14 KiB
Design Document - AI Article Summarization
Overview
This design integrates Ollama AI into the news crawler workflow to automatically generate concise summaries of articles. The system will extract full article content, send it to Ollama for summarization, and store both the original content and the AI-generated summary in MongoDB.
Architecture
High-Level Flow
RSS Feed → Extract Content → Summarize with Ollama → Store in MongoDB
↓ ↓ ↓
Full Article Text AI Summary (≤150 words) Both Stored
Component Diagram
┌─────────────────────────────────────────────────────────────┐
│ News Crawler Service │
│ │
│ ┌────────────────┐ ┌──────────────────┐ │
│ │ RSS Parser │──────→│ Content Extractor│ │
│ └────────────────┘ └──────────────────┘ │
│ │ │
│ ↓ │
│ ┌──────────────────┐ │
│ │ Ollama Client │ │
│ │ (New Component) │ │
│ └──────────────────┘ │
│ │ │
│ ↓ │
│ ┌──────────────────┐ │
│ │ Database Writer │ │
│ └──────────────────┘ │
└─────────────────────────────────────────────────────────────┘
│
↓
┌──────────────────┐
│ Ollama Server │
│ (External) │
└──────────────────┘
│
↓
┌──────────────────┐
│ MongoDB │
└──────────────────┘
Components and Interfaces
1. Ollama Client Module
File: news_crawler/ollama_client.py
Purpose: Handle communication with Ollama server for summarization
Interface:
class OllamaClient:
def __init__(self, base_url, model, api_key=None, enabled=True):
"""Initialize Ollama client with configuration"""

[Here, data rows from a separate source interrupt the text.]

(* Let $\mathbf{H}$ be the gap-insertion Hopf algebra of noncrossing partitions with convolution product $\star$ on $\mathbf H^*$, let $e$ be the infinitesimal character with $e(P)=1$ for one-block noncrossing partitions $P$ and $e(P)=0$ on other noncrossing partitions, and put $\psi_\star=\exp_\star(e)=\sum_{m\geq0}e^{\star m}/m!$. Let $\kappa$ be an infinitesimal character of $\mathbf{H}$ and $K$ the character of $\mathbf{B}$ with $K(P)=\kappa(P)$ for all nonempty noncrossing $P$. Then for every character $\phi$ of $\mathbf H$, $$\phi=\exp_\star(\kappa)\iff\phi=\psi_\star\curvearrowleft K.$$
   Context: Noncrossing partitions of $[n]$: no $a<c<b<d$ with $a,b$ in one block and $c,d$ in another; partitions of finite linearly ordered sets identified with partitions of $[n]$ via the order-preserving bijection; $P_{|X}$ induced partition. $\operatorname{Conv}(X)=\{\min X,\dots,\max X\}$; on blocks $\pi\to\rho$ iff $\operatorname{Conv}(\pi)\cap\rho\neq\emptyset$ (transitively closed). Upperset $U$: ($\pi\in U,\pi\to\rho$)$\Rightarrow\rho\in U$; lowerset $L$: ($\pi\in L,\sigma\to\pi$)$\Rightarrow\sigma\in L$. Cut $(L,U)$: lowerset $L$, complement $U$; $L$ identified with the restriction of $P$ to the union of its blocks, elements $x_1<\dots<x_k$; $D_0=\{y<x_1\}$, $D_i=\{x_i<y<x_{i+1}\}$, $D_k=\{y>x_k\}$, $U_i=P_{|D_i}$, $\overline U$ ordered product of nonempty $U_i$. $\mathbf H$: free associative unital algebra on nonempty noncrossing partitions, basis of multipartitions (shift-concatenated), cuts of multipartitions are tuples of cuts with $L=L_1\cdots L_r$, $\overline U=\overline{U_1}\cdots\overline{U_r}$. Coproduct $\Delta(P)=\sum_{\text{cuts}}L\otimes\overline U$, counit $\varepsilon$ ($1$ on $\mathbf1$, $0$ on nonempty monomials); $f\star g=(f\otimes g)\circ\Delta$. Characters: unital algebra maps to $\mathbb K$; infinitesimal characters: linear forms vanishing on $\mathbf1$ and on products of two nonempty monomials. $\mathbf B$: free commutative unital algebra on nonempty noncrossing partitions. For noncrossing $P\leq Q$ (refinement), $Q=\{\tau_1,\dots,\tau_l\}$, $P/Q=P_{|\tau_1}\cdots P_{|\tau_l}$. Coaction $\rho:\mathbf H\to\mathbf H\otimes\mathbf B$, algebra morphism with $\rho(P)=\sum_{Q\geq P\text{ noncrossing}}Q\otimes P/Q$; $\alpha\curvearrowleft\phi=(\alpha\otimes\phi)\circ\rho$. *)

theory Defs
  imports Main "HOL-Library.Disjoint_Sets" "HOL-Library.Multiset"
begin
(* Let $n\ge 1$, $A\in\mathbb{R}^{n\times n}$ and $C\in\mathbb{R}^{1\times n}$, with $(A,C)$ an observable pair and all eigenvalues of $A$ nonzero. Let $t_1,\ldots,t_n$ be nonnegative integers such that the matrix with rows $CA^{t_1},\ldots,CA^{t_n}$ has rank less than $n$. Then for every positive integer $\Delta$ that is not a pathological sampling period of $A$, the matrix with rows $CA^{t_1},\ldots,CA^{t_n},CA^{t_1+\Delta},\ldots,CA^{t_n+\Delta}$ has strictly larger rank than the matrix with rows $CA^{t_1},\ldots,CA^{t_n}$.
   Context: Setting: discrete-time single-output system $x(t+1)=Ax(t)+Bu(t)$, $y(t)=Cx(t)+Du(t)$ with output measured at selected time instances; matrices with rows $CA^{t_i}$ are sample-based observability matrices. $(A,C)$ observable means the matrix with rows $C,CA,\ldots,CA^{n-1}$ has rank $n$. A positive integer $h$ is a pathological sampling period of $A$ if there exist two distinct eigenvalues $\lambda_p\neq\lambda_q$ of $A$ in different Jordan blocks with $\lambda_p^h=\lambda_q^h$. *)

theory Defs
  imports "Jordan_Normal_Form.DL_Rank" "Jordan_Normal_Form.Char_Poly"
begin

(* rank of a real matrix with m rows: dimension of its column space in R^m
   (= row rank) *)
abbreviation mrank :: "nat \<Rightarrow> real mat \<Rightarrow> nat" where
  "mrank m M \<equiv> vec_space.rank m M"

definition out_row :: "real mat \<Rightarrow> real mat \<Rightarrow> nat \<Rightarrow> real vec" where
  "out_row C A t = row (C * A ^\<^sub>m t) 0"

definition sample_obs_mat :: "nat \<Rightarrow> real mat \<Rightarrow> real mat \<Rightarrow> nat list \<Rightarrow> real mat" where
  "sample_obs_mat n C A ts = mat_of_rows n (map (out_row C A) ts)"

definition observable :: "nat \<Rightarrow> real mat \<Rightarrow> real mat \<Rightarrow> bool" where
  "observable n A C \<longleftrightarrow> mrank n (sample_obs_mat n C A [0..<n]) = n"

definition ceigenvalue :: "real mat \<Rightarrow> complex \<Rightarrow> bool" where
  "ceigenvalue A lam \<longleftrightarrow> eigenvalue (map_mat complex_of_real A) lam"

definition pathological :: "real mat \<Rightarrow> nat \<Rightarrow> bool" where
  "pathological A h \<longleftrightarrow> h > 0 \<and>
     (\<exists>p q. ceigenvalue A p \<and> ceigenvalue A q \<and> p \<noteq> q \<and> p ^ h = q ^ h)"

end

theory Submission
  imports Defs
begin

(* If stacking the shifted rows does not increase the rank, every vector annihilated by the rows
   C A^t_i is also annihilated by the rows C A^(t_i + Delta) = C A^t_i A^Delta, so the complexified
   kernel K of the first block is A^Delta-invariant.  K is nonzero (rank < n), so it contains an
   eigenvector y of A^Delta, whose eigenvalue mu is nonzero because A is invertible.  Since Delta is
   not pathological and x^Delta - mu has simple roots, y is already an eigenvector of A, with some
   eigenvalue lambda <> 0.  Then 0 = C A^t_1 y = lambda^t_1 C y gives C y = 0, which contradicts
   observability (the Popov-Belevitch-Hautus test). *)

lemma pow_mat_add:
  assumes "(A :: 'a :: semiring_1 mat) \<in> carrier_mat n n"
  shows "A ^\<^sub>m (a + b) = A ^\<^sub>m a * A ^\<^sub>m b"
proof (induction b)
  case (Suc b)
  then show ?case
    using assms by (simp add: assoc_mult_mat[of _ n n _ n _ n])
qed (use assms in simp)
lemma norm_matrix_vector_mult_le:
  fixes W :: "real^'n^'m"
  shows "norm (W *v x) \<le> norm W * norm x"
proof -
  have "norm (W *v x) = L2_set (\<lambda>i. \<bar>W $ i \<bullet> x\<bar>) UNIV"
    by (simp add: norm_vec_def matrix_vector_mult_def inner_vec_def mult.commute)
  also have "\<dots> \<le> L2_set (\<lambda>i. norm (W $ i) * norm x) UNIV"
    by (rule L2_set_mono) (simp_all add: Cauchy_Schwarz_ineq2)
  also have "\<dots> = norm W * norm x"
    by (simp add: L2_set_left_distrib[symmetric] norm_vec_def)
  finally show ?thesis .
qed

lemma norm_vec_lambda_scaleR:
  fixes x :: "'a::real_normed_vector"
  shows "norm (\<chi> i. c $ i *\<^sub>R x) = norm c * norm x"
proof -
  have "norm (\<chi> i. c $ i *\<^sub>R x) = L2_set (\<lambda>i. \<bar>c $ i\<bar> * norm x) UNIV"
    by (simp add: norm_vec_def)
  also have "\<dots> = norm c * norm x"
    by (simp add: L2_set_left_distrib[symmetric] norm_vec_def)
  finally show ?thesis .
qed

lemma norm_vec_lambda_mult_le:
  fixes v :: "real^'i"
  assumes "\<And>i. \<bar>d i\<bar> \<le> M"
  shows "norm (\<chi> i. d i * v $ i) \<le> M * norm v"
proof -
  have "0 \<le> M"
    using assms[of undefined] by linarith
  have "norm (\<chi> i. d i * v $ i) = L2_set (\<lambda>i. \<bar>d i\<bar> * \<bar>v $ i\<bar>) UNIV"
    by (simp add: norm_vec_def abs_mult)
  also have "\<dots> \<le> L2_set (\<lambda>i. M * \<bar>v $ i\<bar>) UNIV"
    by (rule L2_set_mono) (simp_all add: assms mult_right_mono)
  also have "\<dots> = M * norm v"
    using \<open>0 \<le> M\<close> by (simp add: L2_set_right_distrib[symmetric] norm_vec_def)
  finally show ?thesis .
qed

lemma norm_sq_le_card:
  fixes a :: "real^'i"
  assumes "\<And>i. \<bar>a $ i\<bar> \<le> 1"
  shows "(norm a)\<^sup>2 \<le> real CARD('i)"
proof -
  have "(norm a)\<^sup>2 = (\<Sum>i\<in>UNIV. (a $ i)\<^sup>2)"
    unfolding power2_norm_eq_inner by (simp add: inner_vec_def power2_eq_square)
  also have "\<dots> \<le> (\<Sum>i\<in>(UNIV::'i set). 1)"
    by (rule sum_mono) (use assms abs_le_square_iff[of _ 1] in force)
  finally show ?thesis
    by simp
qed

text \<open>One sample's contribution to the Hessian: the operator (diag d + \<kappa> a a^T) \<otimes> x x^T
  applied to a weight matrix W.\<close>
definition sample_op :: "real^'n \<Rightarrow> ('i \<Rightarrow> real) \<Rightarrow> real \<Rightarrow> real^'i \<Rightarrow> real^'n^'i \<Rightarrow> real^'n^'i" where
  "sample_op x d \<kappa> a W = (\<chi> i. (d i * (W *v x) $ i + \<kappa> * a $ i * (a \<bullet> (W *v x))) *\<^sub>R x)"

lemma norm_sample_op_le:
  assumes "\<And>i. \<bar>d i\<bar> \<le> M" and "0 \<le> \<kappa>"
  shows "norm (sample_op x d \<kappa> a W) \<le> (M + \<kappa> * (norm a)\<^sup>2) * norm W * (norm x)\<^sup>2"
proof -
  define v where "v = W *v x"
  define c where "c = (\<chi> i. d i * v $ i) + (\<kappa> * (a \<bullet> v)) *\<^sub>R a"
  have "0 \<le> M"
    using assms(1)[of undefined] by linarith
  have "sample_op x d \<kappa> a W = (\<chi> i. c $ i *\<^sub>R x)"
    by (simp add: sample_op_def c_def v_def algebra_simps)
  then have "norm (sample_op x d \<kappa> a W) = norm c * norm x"
    by (simp add: norm_vec_lambda_scaleR)
  also have "norm c \<le> M * norm v + \<kappa> * (norm a * norm v) * norm a"
  proof -
    have "norm ((\<kappa> * (a \<bullet> v)) *\<^sub>R a) = \<kappa> * \<bar>a \<bullet> v\<bar> * norm a"
      using assms(2) by (simp add: abs_mult)
    also have "\<dots> \<le> \<kappa> * (norm a * norm v) * norm a"
      using assms(2) by (intro mult_right_mono mult_left_mono Cauchy_Schwarz_ineq2) simp_all
    finally show ?thesis
      unfolding c_def
      by (rule order_trans[OF norm_triangle_ineq add_mono[OF norm_vec_lambda_mult_le[OF assms(1)]]])
  qed
  also have "\<dots> = (M + \<kappa> * (norm a)\<^sup>2) * norm v"
    by (simp add: power2_eq_square algebra_simps)
  also have "norm v \<le> norm W * norm x"
    unfolding v_def by (rule norm_matrix_vector_mult_le)
  finally show ?thesis
    using \<open>0 \<le> M\<close> assms(2)
    by (simp add: power2_eq_square mult_left_mono mult_right_mono mult.assoc)
qed

lemma outer_mult_vector: "outer x *v w = (x \<bullet> w) *\<^sub>R x"
  by (simp add: vec_eq_iff matrix_vector_mult_def outer_def inner_vec_def sum_distrib_left mult_ac)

def summarize_article(self, content: str, max_words: int = 150) -> dict:
"""
Summarize article content using Ollama
Args:
content: Full article text
max_words: Maximum words in summary (default 150)
Returns:
{
'summary': str, # AI-generated summary
'word_count': int, # Summary word count
'success': bool, # Whether summarization succeeded
'error': str or None, # Error message if failed
'duration': float # Time taken in seconds
}
"""
def is_available(self) -> bool:
"""Check if Ollama server is reachable"""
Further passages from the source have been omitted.